- _TASK BRIEF_:
Could you please write out the data shown below, exactly and in full?

::::

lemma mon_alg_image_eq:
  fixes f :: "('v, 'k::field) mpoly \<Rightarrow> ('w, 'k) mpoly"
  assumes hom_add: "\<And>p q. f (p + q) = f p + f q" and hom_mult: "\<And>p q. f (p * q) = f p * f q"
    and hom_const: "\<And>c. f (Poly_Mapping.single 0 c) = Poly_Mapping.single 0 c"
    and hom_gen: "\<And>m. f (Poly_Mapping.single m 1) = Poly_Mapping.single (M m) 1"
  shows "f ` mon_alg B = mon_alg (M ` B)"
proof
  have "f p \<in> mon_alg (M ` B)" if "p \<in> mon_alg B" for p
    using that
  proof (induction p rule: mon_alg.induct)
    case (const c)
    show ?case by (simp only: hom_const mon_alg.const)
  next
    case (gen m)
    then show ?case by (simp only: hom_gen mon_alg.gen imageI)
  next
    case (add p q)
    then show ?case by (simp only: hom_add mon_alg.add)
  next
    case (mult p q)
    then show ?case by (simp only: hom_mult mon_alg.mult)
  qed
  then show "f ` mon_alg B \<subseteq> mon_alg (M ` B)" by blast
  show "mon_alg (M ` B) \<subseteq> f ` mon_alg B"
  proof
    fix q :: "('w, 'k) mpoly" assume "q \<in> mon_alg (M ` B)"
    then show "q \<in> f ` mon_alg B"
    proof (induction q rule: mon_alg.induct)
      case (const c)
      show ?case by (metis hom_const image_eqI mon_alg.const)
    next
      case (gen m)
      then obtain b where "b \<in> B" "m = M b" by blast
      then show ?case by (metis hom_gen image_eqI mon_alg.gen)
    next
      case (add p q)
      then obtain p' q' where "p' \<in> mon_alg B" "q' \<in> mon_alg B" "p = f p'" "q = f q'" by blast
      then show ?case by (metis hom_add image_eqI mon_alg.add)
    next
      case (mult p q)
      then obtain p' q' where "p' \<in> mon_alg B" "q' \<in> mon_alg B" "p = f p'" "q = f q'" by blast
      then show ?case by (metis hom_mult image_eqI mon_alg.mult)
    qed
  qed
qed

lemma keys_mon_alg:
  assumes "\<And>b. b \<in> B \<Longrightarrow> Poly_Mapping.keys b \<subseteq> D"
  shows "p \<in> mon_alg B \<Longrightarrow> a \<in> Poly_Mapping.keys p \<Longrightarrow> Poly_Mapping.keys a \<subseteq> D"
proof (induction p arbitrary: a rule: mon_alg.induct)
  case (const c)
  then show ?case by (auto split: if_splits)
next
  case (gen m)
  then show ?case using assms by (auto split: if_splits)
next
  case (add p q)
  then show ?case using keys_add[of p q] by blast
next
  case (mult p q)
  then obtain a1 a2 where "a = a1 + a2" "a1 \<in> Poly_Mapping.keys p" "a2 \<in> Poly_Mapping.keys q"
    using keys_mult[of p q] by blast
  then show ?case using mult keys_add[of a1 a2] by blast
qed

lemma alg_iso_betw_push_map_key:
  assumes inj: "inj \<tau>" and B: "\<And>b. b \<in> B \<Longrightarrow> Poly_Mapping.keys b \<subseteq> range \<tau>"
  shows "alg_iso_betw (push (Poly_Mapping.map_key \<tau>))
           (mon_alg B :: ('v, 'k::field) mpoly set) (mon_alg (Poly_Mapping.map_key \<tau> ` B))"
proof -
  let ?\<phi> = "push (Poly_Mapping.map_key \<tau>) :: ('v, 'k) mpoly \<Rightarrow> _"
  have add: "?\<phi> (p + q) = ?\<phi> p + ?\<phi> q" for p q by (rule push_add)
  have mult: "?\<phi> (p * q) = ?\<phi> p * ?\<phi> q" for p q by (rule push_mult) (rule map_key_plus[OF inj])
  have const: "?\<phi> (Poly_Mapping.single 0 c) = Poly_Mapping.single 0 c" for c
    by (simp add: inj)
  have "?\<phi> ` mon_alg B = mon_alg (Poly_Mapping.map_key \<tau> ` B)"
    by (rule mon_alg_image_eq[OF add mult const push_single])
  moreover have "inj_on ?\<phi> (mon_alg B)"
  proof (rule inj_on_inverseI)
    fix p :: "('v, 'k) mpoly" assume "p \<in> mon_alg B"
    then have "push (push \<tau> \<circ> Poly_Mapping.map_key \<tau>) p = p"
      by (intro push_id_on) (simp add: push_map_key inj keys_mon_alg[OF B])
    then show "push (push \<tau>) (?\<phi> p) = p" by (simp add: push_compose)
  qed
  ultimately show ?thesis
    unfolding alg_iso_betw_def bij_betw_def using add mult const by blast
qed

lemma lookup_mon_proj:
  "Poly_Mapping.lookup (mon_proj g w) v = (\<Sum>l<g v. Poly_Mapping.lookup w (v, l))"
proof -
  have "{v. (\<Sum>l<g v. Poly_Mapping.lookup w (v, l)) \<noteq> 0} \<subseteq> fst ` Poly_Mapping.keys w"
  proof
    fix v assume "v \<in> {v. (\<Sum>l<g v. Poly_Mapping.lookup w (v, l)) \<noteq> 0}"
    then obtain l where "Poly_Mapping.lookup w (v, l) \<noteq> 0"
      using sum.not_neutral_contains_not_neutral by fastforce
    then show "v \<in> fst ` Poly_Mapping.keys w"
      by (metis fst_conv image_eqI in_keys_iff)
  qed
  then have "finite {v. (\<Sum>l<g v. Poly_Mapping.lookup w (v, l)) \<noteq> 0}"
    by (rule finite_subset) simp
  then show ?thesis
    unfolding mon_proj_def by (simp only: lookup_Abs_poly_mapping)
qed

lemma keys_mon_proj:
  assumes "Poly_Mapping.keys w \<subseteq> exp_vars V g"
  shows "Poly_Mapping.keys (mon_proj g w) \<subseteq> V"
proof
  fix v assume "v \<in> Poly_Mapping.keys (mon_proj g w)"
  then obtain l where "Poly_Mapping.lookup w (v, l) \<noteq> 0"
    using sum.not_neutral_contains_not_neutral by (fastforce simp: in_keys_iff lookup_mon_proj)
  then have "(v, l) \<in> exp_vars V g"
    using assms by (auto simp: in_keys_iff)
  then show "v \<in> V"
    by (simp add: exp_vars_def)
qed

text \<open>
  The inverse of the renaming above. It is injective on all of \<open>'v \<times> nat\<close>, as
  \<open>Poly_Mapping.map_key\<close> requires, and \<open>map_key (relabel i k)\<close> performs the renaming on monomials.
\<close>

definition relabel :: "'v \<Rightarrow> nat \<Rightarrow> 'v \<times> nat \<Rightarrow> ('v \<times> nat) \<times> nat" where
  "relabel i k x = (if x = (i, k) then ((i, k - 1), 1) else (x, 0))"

::::

- _WRITTEN REPLY_:
lemma mon_alg_image_eq:
  fixes f :: "('v, 'k::field) mpoly \<Rightarrow> ('w, 'k) mpoly"
  assumes hom_add: "\<And>p q. f (p + q) = f p + f q" and hom_mult: "\<And>p q. f (p * q) = f p * f q"
    and hom_const: "\<And>c. f (Poly_Mapping.single 0 c) = Poly_Mapping.single 0 c"
    and hom_gen: "\<And>m. f (Poly_Mapping.single m 1) = Poly_Mapping.single (M m) 1"
  shows "f ` mon_alg B = mon_alg (M ` B)"
proof
  have "f p \<in> mon_alg (M ` B)" if "p \<in> mon_alg B" for p
    using that
  proof (induction p rule: mon_alg.induct)
    case (const c)
    show ?case by (simp only: hom_const mon_alg.const)
  next
    case (gen m)
    then show ?case by (simp only: hom_gen mon_alg.gen imageI)
  next
    case (add p q)
    then show ?case by (simp only: hom_add mon_alg.add)
  next
    case (mult p q)
    then show ?case by (simp only: hom_mult mon_alg.mult)
  qed
  then show "f ` mon_alg B \<subseteq> mon_alg (M ` B)" by blast
  show "mon_alg (M ` B) \<subseteq> f ` mon_alg B"
  proof
    fix q :: "('w, 'k) mpoly" assume "q \<in> mon_alg (M ` B)"
    then show "q \<in> f ` mon_alg B"
    proof (induction q rule: mon_alg.induct)
      case (const c)
      show ?case by (metis hom_const image_eqI mon_alg.const)
    next
      case (gen m)
      then obtain b where "b \<in> B" "m = M b" by blast
      then show ?case by (metis hom_gen image_eqI mon_alg.gen)
    next
      case (add p q)
      then obtain p' q' where "p' \<in> mon_alg B" "q' \<in> mon_alg B" "p = f p'" "q = f q'" by blast
      then show ?case by (metis hom_add image_eqI mon_alg.add)
    next
      case (mult p q)
      then obtain p' q' where "p' \<in> mon_alg B" "q' \<in> mon_alg B" "p = f p'" "q = f q'" by blast
      then show ?case by (metis hom_mult image_eqI mon_alg.mult)
    qed
  qed
qed

lemma keys_mon_alg:
  assumes "\<And>b. b \<in> B \<Longrightarrow> Poly_Mapping.keys b \<subseteq> D"
  shows "p \<in> mon_alg B \<Longrightarrow> a \<in> Poly_Mapping.keys p \<Longrightarrow> Poly_Mapping.keys a \<subseteq> D"
proof (induction p arbitrary: a rule: mon_alg.induct)
  case (const c)
  then show ?case by (auto split: if_splits)
next
  case (gen m)
  then show ?case using assms by (auto split: if_splits)
next
  case (add p q)
  then show ?case using keys_add[of p q] by blast
next
  case (mult p q)
  then obtain a1 a2 where "a = a1 + a2" "a1 \<in> Poly_Mapping.keys p" "a2 \<in> Poly_Mapping.keys q"
    using keys_mult[of p q] by blast
  then show ?case using mult keys_add[of a1 a2] by blast
qed

lemma alg_iso_betw_push_map_key:
  assumes inj: "inj \<tau>" and B: "\<And>b. b \<in> B \<Longrightarrow> Poly_Mapping.keys b \<subseteq> range \<tau>"
  shows "alg_iso_betw (push (Poly_Mapping.map_key \<tau>))
           (mon_alg B :: ('v, 'k::field) mpoly set) (mon_alg (Poly_Mapping.map_key \<tau> ` B))"
proof -
  let ?\<phi> = "push (Poly_Mapping.map_key \<tau>) :: ('v, 'k) mpoly \<Rightarrow> _"
  have add: "?\<phi> (p + q) = ?\<phi> p + ?\<phi> q" for p q by (rule push_add)
  have mult: "?\<phi> (p * q) = ?\<phi> p * ?\<phi> q" for p q by (rule push_mult) (rule map_key_plus[OF inj])
  have const: "?\<phi> (Poly_Mapping.single 0 c) = Poly_Mapping.single 0 c" for c
    by (simp add: inj)
  have "?\<phi> ` mon_alg B = mon_alg (Poly_Mapping.map_key \<tau> ` B)"
    by (rule mon_alg_image_eq[OF add mult const push_single])
  moreover have "inj_on ?\<phi> (mon_alg B)"
  proof (rule inj_on_inverseI)
    fix p :: "('v, 'k) mpoly" assume "p \<in> mon_alg B"
    then have "push (push \<tau> \<circ> Poly_Mapping.map_key \<tau>) p = p"
      by (intro push_id_on) (simp add: push_map_key inj keys_mon_alg[OF B])
    then show "push (push \<tau>) (?\<phi> p) = p" by (simp add: push_compose)
  qed
  ultimately show ?thesis
    unfolding alg_iso_betw_def bij_betw_def using add mult const by blast
qed

lemma lookup_mon_proj:
  "Poly_Mapping.lookup (mon_proj g w) v = (\<Sum>l<g v. Poly_Mapping.lookup w (v, l))"
proof -
  have "{v. (\<Sum>l<g v. Poly_Mapping.lookup w (v, l)) \<noteq> 0} \<subseteq> fst ` Poly_Mapping.keys w"
  proof
    fix v assume "v \<in> {v. (\<Sum>l<g v. Poly_Mapping.lookup w (v, l)) \<noteq> 0}"
    then obtain l where "Poly_Mapping.lookup w (v, l) \<noteq> 0"
      using sum.not_neutral_contains_not_neutral by fastforce
    then show "v \<in> fst ` Poly_Mapping.keys w"
      by (metis fst_conv image_eqI in_keys_iff)
  qed
  then have "finite {v. (\<Sum>l<g v. Poly_Mapping.lookup w (v, l)) \<noteq> 0}"
    by (rule finite_subset) simp
  then show ?thesis
    unfolding mon_proj_def by (simp only: lookup_Abs_poly_mapping)
qed

lemma keys_mon_proj:
  assumes "Poly_Mapping.keys w \<subseteq> exp_vars V g"
  shows "Poly_Mapping.keys (mon_proj g w) \<subseteq> V"
proof
  fix v assume "v \<in> Poly_Mapping.keys (mon_proj g w)"
  then obtain l where "Poly_Mapping.lookup w (v, l) \<noteq> 0"
    using sum.not_neutral_contains_not_neutral by (fastforce simp: in_keys_iff lookup_mon_proj)
  then have "(v, l) \<in> exp_vars V g"
    using assms by (auto simp: in_keys_iff)
  then show "v \<in> V"
    by (simp add: exp_vars_def)
qed

text \<open>
  The inverse of the renaming above. It is injective on all of \<open>'v \<times> nat\<close>, as
  \<open>Poly_Mapping.map_key\<close> requires, and \<open>map_key (relabel i k)\<close> performs the renaming on monomials.
\<close>

definition relabel :: "'v \<Rightarrow> nat \<Rightarrow> 'v \<times> nat \<Rightarrow> ('v \<times> nat) \<times> nat" where
  "relabel i k x = (if x = (i, k) then ((i, k - 1), 1) else (x, 0))"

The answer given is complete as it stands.